El virus que mató al primer tripartito sigue vivo
Pudo parecer que, superado el cabo de las tormentas en que se transformó el debate del Estatuto en la anterior legislatura, el tripartito catalán entraba, bajo la presidencia de José Montilla, en una fase de navegación a velocidad de crucero en aguas más tranquilas. Pero no ha sido así. En un año y pico de legislatura se ha comprobado que el nuevo Gobierno es también un mero agregado de tres partes, obsesionadas ante todo en diferenciarse cada una de la otra y en cuidar sus respectivas cuotas de lo que sea. Ya sea su cuota de programa, de poder administrativo, territorial, electoral, etcétera. Los partidos que lo integran apenas disimulan que tanto o más que socios son competidores, y a ello dedican sus mejores afanes.
No es una sorpresa. La competitividad en todos los órdenes es una de las características del sistema democrático. Los partidos compiten entre sí, pero los políticos también, y en primer lugar con los de su respectivo partido. Sin embargo, ahora sucede que el segundo tripartito ha sido atacado por el mismo virus de la insolidaridad entre sus componentes que puso fin al primero antes de plazo.
Cuando un partido se manifiesta en las calles, de modo organizado, formal, consciente, contra un acuerdo tomado por un gobierno del que forma parte, atenta directamente contra la misma esencia de todo gobierno: la idea de equipo que se ocupa, solidariamente, de aplicar un programa y afrontar unido los retos sobrevenidos que no figuren en él.
Si se retuerce el sentido de la solidaridad gubernamental hasta el extremo de graduarla de forma que sólo sean graves ciertas insolidaridades, y otras no, se está emitiendo a la ciudadanía el mensaje de que los miembros de este gobierno atienden a sus intereses de partido antes que a los del propio gobierno. O sea, esto no es un gobierno digno de tal nombre. Es otra cosa.
El tripartito catalán logró con su mera formación el objetivo histórico de la alternancia democrática en la Generalitat, tras 23 años de gobiernos del mismo color. Logró también el éxito de situar esa alternancia sobre el eje derecha / izquierda, algo que se había convertido en una necesidad de higiene política tras un empacho de nacionalismo, por moderado que ciertamente era entonces.
Los hitos principales de la gobernación de la izquierda desde 2003 han sido el fuerte impulso a las políticas sociales, el saneamiento de las finanzas de la Generalitat, el impulso a la revisión del Estatuto de Autonomía -es decir, de la relación de Cataluña con el resto de España- y, en general, la revisión también del modelo de relación de la propia Generalitat con la sociedad catalana, enrarecida por la extraordinaria duración del pujolismo.
Pero todo eso son logros anotados en la primera legislatura del tripartito, a los que nada nuevo se ha añadido de momento en la segunda. En todo caso, la aportación de la segunda legislatura podía ser la profundización en la eficacia de las políticas sociales y del esfuerzo inversor en infraestructuras, asuntos que por su propia naturaleza exigen plazos largos de tiempo para ser plenamente fructíferos. Y, si la estabilidad lo permite, afrontar algunos retos de gran magnitud como la reforma de los aspectos organizativos del sistema escolar.
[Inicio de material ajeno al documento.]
lemma hall_marriage_with_defect:
  fixes N :: "'x \<Rightarrow> 'y set"
  assumes "finite X" "\<forall>x\<in>X. finite (N x)" "\<forall>T\<subseteq>X. card T \<le> card (\<Union>(N ` T)) + d"
  obtains D f where "D \<subseteq> X" "inj_on f D" "\<forall>x\<in>D. f x \<in> N x" "card X \<le> card D + d"
proof -
  define N' where "N' x = Inl ` N x \<union> Inr ` {..<d}" for x
    \<comment> \<open>\<open>d\<close> dummy representatives shared by all \<open>x\<close> restore Hall's condition\<close>
  have "\<forall>T\<subseteq>X. card T \<le> card (\<Union>(N' ` T))"
  proof (intro allI impI)
    fix T assume T: "T \<subseteq> X"
    show "card T \<le> card (\<Union>(N' ` T))"
    proof (cases "T = {}")
      case False
      then have "\<Union>(N' ` T) = Inl ` \<Union>(N ` T) \<union> Inr ` {..<d}" by (auto simp: N'_def)
      moreover have "finite (\<Union>(N ` T))" using T assms(1,2) by (auto intro: finite_subset)
      ultimately have "card (\<Union>(N' ` T)) = card (\<Union>(N ` T)) + d"
        by (simp only:) (subst card_Un_disjoint, auto simp: card_image)
      then show ?thesis using assms(3) T by simp
    qed simp
  qed
  moreover have "\<forall>x\<in>X. finite (N' x)" using assms(2) by (simp add: N'_def)
  ultimately obtain f' where f': "inj_on f' X" "\<forall>x\<in>X. f' x \<in> N' x"
    using hall_marriage[OF assms(1)] by blast
  define D where "D = {x\<in>X. f' x \<in> range Inl}"
  have "card (X - D) = card (f' ` (X - D))" using f'(1) by (simp add: card_image inj_on_diff)
  also have "\<dots> \<le> card (Inr ` {..<d} :: ('y + nat) set)"
    using f'(2) by (intro card_mono) (auto simp: D_def N'_def)
  finally have "card X \<le> card D + d"
    using assms(1) by (simp add: card_image card_Diff_subset D_def)
  moreover have "\<forall>x\<in>D. projl (f' x) \<in> N x" using f'(2) by (auto simp: D_def N'_def)
  moreover have "inj_on (projl \<circ> f') D" using f'(1) by (auto simp: D_def inj_on_def)
  ultimately show ?thesis using that[of D "projl \<circ> f'"] by (auto simp: D_def)
qed

lemma hall_deficiency:
  fixes N :: "'x \<Rightarrow> 'y set"
  assumes "finite X" "\<forall>x\<in>X. finite (N x)"
  obtains S D f where "S \<subseteq> X" "D \<subseteq> X" "inj_on f D" "\<forall>x\<in>D. f x \<in> N x"
    "card X + card (\<Union>(N ` S)) \<le> card D + card S"
proof -
  define \<delta> where "\<delta> T = int (card T) - int (card (\<Union>(N ` T)))" for T
  have "finite (\<delta> ` Pow X)" using assms(1) by simp
  moreover have "Max (\<delta> ` Pow X) \<in> \<delta> ` Pow X" using calculation by (intro Max_in) auto
  ultimately obtain S where S: "S \<subseteq> X" "\<delta> S = Max (\<delta> ` Pow X)" by auto
  with \<open>finite (\<delta> ` Pow X)\<close> have S_max: "\<delta> T \<le> \<delta> S" if "T \<subseteq> X" for T
    using that by simp
  define d where "d = nat (\<delta> S)"
  have d: "int d = \<delta> S" using S_max[of "{}"] by (simp add: d_def \<delta>_def)
  have "\<forall>T\<subseteq>X. card T \<le> card (\<Union>(N ` T)) + d"
  proof (intro allI impI)
    fix T assume "T \<subseteq> X"
    then have "\<delta> T \<le> int d" using S_max d by simp
    then show "card T \<le> card (\<Union>(N ` T)) + d" unfolding \<delta>_def by linarith
  qed
  then obtain D f where "D \<subseteq> X" "inj_on f D" "\<forall>x\<in>D. f x \<in> N x" "card X \<le> card D + d"
    using hall_marriage_with_defect[OF assms] by blast
  moreover have "card X + card (\<Union>(N ` S)) \<le> card D + card S"
    using \<open>card X \<le> card D + d\<close> d unfolding \<delta>_def by linarith
  ultimately show ?thesis using that S(1) by blast
qed

lemma simple_graph_finite_edges: "simple_graph V E \<Longrightarrow> finite E"
proof -
  assume "simple_graph V E"
  then have "finite V" "E \<subseteq> Pow V" by (auto simp: simple_graph_def)
  then show "finite E" by (meson finite_Pow_iff finite_subset)
qed

lemma tau_le_card_vertex_cover:
  assumes "finite V" "vertex_cover V E C"
  shows "tau V E \<le> card C"
proof -
  have "card ` {C. vertex_cover V E C} \<subseteq> {..card V}"
    using assms(1) by (auto simp: vertex_cover_def card_mono)
  then have "finite (card ` {C. vertex_cover V E C})" by (rule finite_subset) simp
  then show ?thesis unfolding tau_def using assms(2) by (simp add: Min_le)
qed

lemma card_Union_edges_le:
  assumes "\<forall>e\<in>M. card e = 2"
  shows "card (\<Union>M) \<le> 2 * card M"
proof -
  have "card (\<Union>M) \<le> sum card M" by (rule card_Union_le_sum_card)
  also have "\<dots> = 2 * card M" using assms by simp
  finally show ?thesis .
qed

lemma ex_maximal_matching:
  assumes "finite F"
  shows "\<exists>M\<subseteq>F. pairwise disjnt M \<and> (\<forall>e\<in>F. e \<noteq> {} \<longrightarrow> e \<inter> \<Union>M \<noteq> {})"
  using assms
proof (induction F rule: finite_induct)
  case (insert e F)
  then obtain M where M: "M \<subseteq> F" "pairwise disjnt M" "\<forall>e\<in>F. e \<noteq> {} \<longrightarrow> e \<inter> \<Union>M \<noteq> {}"
    by blast
  show ?case
  proof (cases "e \<inter> \<Union>M = {}")
    case True
    have "pairwise disjnt (insert e M)"
      using M(2) True unfolding pairwise_insert by (auto simp: disjnt_def)
    moreover have "insert e M \<subseteq> insert e F" using M(1) by (rule insert_mono)
    moreover have "\<forall>e'\<in>insert e F. e' \<noteq> {} \<longrightarrow> e' \<inter> \<Union>(insert e M) \<noteq> {}"
      using M(3) by blast
    ultimately show ?thesis by blast
  next
    case False
    then show ?thesis using M by (intro exI[of _ M]) (simp add: subset_insertI2)
  qed
qed simp

definition pair_avoiding_matching ::
    "'a set set \<Rightarrow> 'i set \<Rightarrow> ('i \<Rightarrow> 'a) \<Rightarrow> ('i \<Rightarrow> 'a) \<Rightarrow> ('i \<Rightarrow> 'a set) \<Rightarrow> bool" where
  "pair_avoiding_matching E I x y m \<longleftrightarrow>
     (\<forall>i\<in>I. m i \<in> E)
   \<and> (\<forall>i\<in>I. \<forall>j\<in>I. i \<noteq> j \<longrightarrow> m i \<inter> m j = {})
   \<and> (\<forall>i\<in>I. \<forall>j\<in>I. i \<noteq> j \<longrightarrow> m i \<inter> {x j, y j} = {})"

locale terminal_pairs =
  fixes V :: "'a set" and E :: "'a set set" and I :: "'i set" and x y :: "'i \<Rightarrow> 'a"
  assumes simple: "simple_graph V E" and finite_I: "finite I"
    and terminals_in_V: "x ` I \<subseteq> V" "y ` I \<subseteq> V"
    and inj_x: "inj_on x I" and inj_y: "inj_on y I"
    and x_neq_y: "\<forall>i\<in>I. \<forall>j\<in>I. x i \<noteq> y j"
    and terminals_independent: "independent_set E (x ` I \<union> y ` I)"
begin

abbreviation terminals :: "'a set" where
  "terminals \<equiv> x ` I \<union> y ` I"

lemma finite_V: "finite V"
  and edge_subset: "e \<in> E \<Longrightarrow> e \<subseteq> V"
  and card_edge: "e \<in> E \<Longrightarrow> card e = 2"
  using simple by (auto simp: simple_graph_def)

lemma terminal_pairs_disjoint:
  "i \<in> I \<Longrightarrow> j \<in> I \<Longrightarrow> i \<noteq> j \<Longrightarrow> {x i, y i} \<inter> {x j, y j} = {}"
  using inj_x inj_y x_neq_y by (auto dest: inj_onD)

lemma edge_leaving_terminals:
  assumes "e \<in> E" "e \<inter> terminals \<noteq> {}"
  obtains a b where "e = {a, b}" "a \<in> terminals" "b \<in> V - terminals"
proof -
  obtain a b where ab: "e = {a, b}" using card_edge[OF assms(1)] by (meson card_2_iff)
  have "\<not> e \<subseteq> terminals" using terminals_independent assms(1) by (simp add: independent_set_def)
  then consider "a \<in> terminals" "b \<notin> terminals" | "b \<in> terminals" "a \<notin> terminals"
    using assms(2) ab by auto
  moreover have "a \<in> V" "b \<in> V" using edge_subset[OF assms(1)] ab by auto
  ultimately show ?thesis using that ab by (cases; metis Diff_iff insert_commute)
qed

lemma pair_avoiding_matchingI:
  assumes "\<forall>i\<in>I. m i \<in> E" "\<forall>i\<in>I. m i \<inter> terminals \<subseteq> {x i, y i}"
    and "\<forall>i\<in>I. \<forall>j\<in>I. i \<noteq> j \<longrightarrow> (m i - terminals) \<inter> (m j - terminals) = {}"
  shows "pair_avoiding_matching E I x y m"
proof -
  have avoid: "m i \<inter> {x j, y j} = {}" if "i \<in> I" "j \<in> I" "i \<noteq> j" for i j
  proof -
    have "m i \<inter> {x j, y j} \<subseteq> m i \<inter> terminals" using that(2) by auto
    also have "\<dots> \<subseteq> {x i, y i}" using assms(2) that(1) by simp
    finally show ?thesis using terminal_pairs_disjoint[OF that] by auto
  qed
  have "m i \<inter> m j = {}" if "i \<in> I" "j \<in> I" "i \<noteq> j" for i j
  proof -
    have "m i \<inter> m j \<subseteq> (m i \<inter> {x j, y j}) \<union> ((m i - terminals) \<inter> (m j - terminals))"
      using assms(2) that(2) by auto
    then show ?thesis using avoid[OF that] assms(3) that by auto
  qed
  then show ?thesis using assms(1) avoid by (simp add: pair_avoiding_matching_def)
qed

end

locale terminal_pairs_matching = terminal_pairs V E I x y
  for V :: "'a set" and E and I :: "'i set" and x y +
  fixes M :: "'a set set"
  assumes M_edges: "M \<subseteq> E" and M_matching: "pairwise disjnt M"
    and M_avoids_terminals: "\<forall>e\<in>M. e \<inter> terminals = {}"
    and M_maximal: "\<forall>e\<in>E. e \<inter> terminals = {} \<longrightarrow> e \<inter> \<Union>M \<noteq> {}"
begin

definition free_vertices :: "'a set" where
  "free_vertices = V - terminals - \<Union>M"

definition free_neighbours :: "'i \<Rightarrow> 'a set" where
  "free_neighbours j = {w \<in> free_vertices. {x j, w} \<in> E \<or> {y j, w} \<in> E}"

lemma finite_M: "finite M"
  using M_edges simple_graph_finite_edges[OF simple] by (rule finite_subset)

lemma matching_edges_disjoint: "e \<in> M \<Longrightarrow> e' \<in> M \<Longrightarrow> e \<noteq> e' \<Longrightarrow> e \<inter> e' = {}"
  using M_matching by (auto simp: pairwise_def disjnt_def)

lemma vertex_cover_of_subset:
  assumes "S \<subseteq> I"
  shows "vertex_cover V E (\<Union>M \<union> \<Union>(free_neighbours ` S) \<union> x ` (I - S) \<union> y ` (I - S))"
    (is "vertex_cover V E ?C")
  unfolding vertex_cover_def
proof
  show "?C \<subseteq> V"
    using M_edges edge_subset terminals_in_V by (auto simp: free_neighbours_def free_vertices_def)
  show "\<forall>e\<in>E. e \<inter> ?C \<noteq> {}"
  proof
    fix e assume e: "e \<in> E"
    show "e \<inter> ?C \<noteq> {}"
    proof (cases "e \<inter> terminals = {} \<or> e \<inter> \<Union>M \<noteq> {}")
      case True
      then have "e \<inter> \<Union>M \<noteq> {}" using M_maximal e by auto
      then show ?thesis by auto
    next
      case False
      then obtain a b where ab: "e = {a, b}" "a \<in> terminals" "b \<in> V - terminals"
        using edge_leaving_terminals[OF e] by blast
      then have "b \<in> free_vertices" using False by (auto simp: free_vertices_def)
      obtain j where j: "j \<in> I" "a = x j \<or> a = y j" using ab(2) by blast
      show ?thesis
      proof (cases "j \<in> S")
        case True
        then have "b \<in> \<Union>(free_neighbours ` S)"
          using \<open>b \<in> free_vertices\<close> ab(1) e j(2) by (auto simp: free_neighbours_def)
        then show ?thesis using ab(1) by blast
      next
        case False
        then show ?thesis using ab(1) j by blast
      qed
    qed
  qed
qed

lemma tau_le_cover_of_subset:
  assumes "S \<subseteq> I"
  shows "tau V E + 2 * card S \<le> 2 * card M + card (\<Union>(free_neighbours ` S)) + 2 * card I"
proof -
  have card_I_S: "card S + card (I - S) = card I"
    using assms finite_I by (metis card_Diff_subset finite_subset le_add_diff_inverse card_mono)
  have "tau V E \<le> card (\<Union>M \<union> \<Union>(free_neighbours ` S) \<union> x ` (I - S) \<union> y ` (I - S))"
    by (rule tau_le_card_vertex_cover[OF finite_V vertex_cover_of_subset[OF assms]])
  also have "\<dots> \<le> card (\<Union>M) + card (\<Union>(free_neighbours ` S)) + card (x ` (I - S)) + card (y ` (I - S))"
    by (meson add_le_mono card_Un_le le_refl order_trans)
  also have "\<dots> \<le> 2 * card M + card (\<Union>(free_neighbours ` S)) + 2 * card (I - S)"
  proof -
    have "card (\<Union>M) \<le> 2 * card M"
      using M_edges card_edge by (intro card_Union_edges_le) blast
    moreover have "card (x ` (I - S)) \<le> card (I - S)" "card (y ` (I - S)) \<le> card (I - S)"
      using finite_I by (simp_all add: card_image_le)
    ultimately show ?thesis by linarith
  qed
  finally show ?thesis using card_I_S by linarith
qed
Lo que se está viendo en estas últimas semanas, a raíz ahora de la sequía, pero antes también a propósito de la huelga de maestros y profesores, por poner dos ejemplos de relieve, es que este segundo tripartito está también infectado por el mismo virus de la insolidaridad interna que mató al primero. Aunque entre ambos hay una gran diferencia. El impulso que permitió alcanzar los logros del primero no da para más, mientras que subsisten las debilidades y defectos. Cabe preguntarse, por tanto, si la fórmula de gobierno no habrá agotado ya sus potencialidades. El problema no es que el partido pequeño sea más o menos intransigente, que el mediano sea más o menos inmaduro e irresponsable y el mayor sea prisionero de su patética impotencia histórica ante CiU. Todo esto está ahí. Pero el problema es la fórmula, que ya no da para más. El problema es que, ahora como antes, la pasividad del presidente ante la quiebra de la unidad de su Gobierno no se debe a su voluntad de no interferir en tensiones congresuales de los partidos miembros u otras cuestiones por el estilo, sino a una impotencia fruto de un modelo de pacto que sitúa a los partidos por encima del Gobierno. Si la izquierda quiere seguir gobernando, tendrá que ir pensando en otro modelo.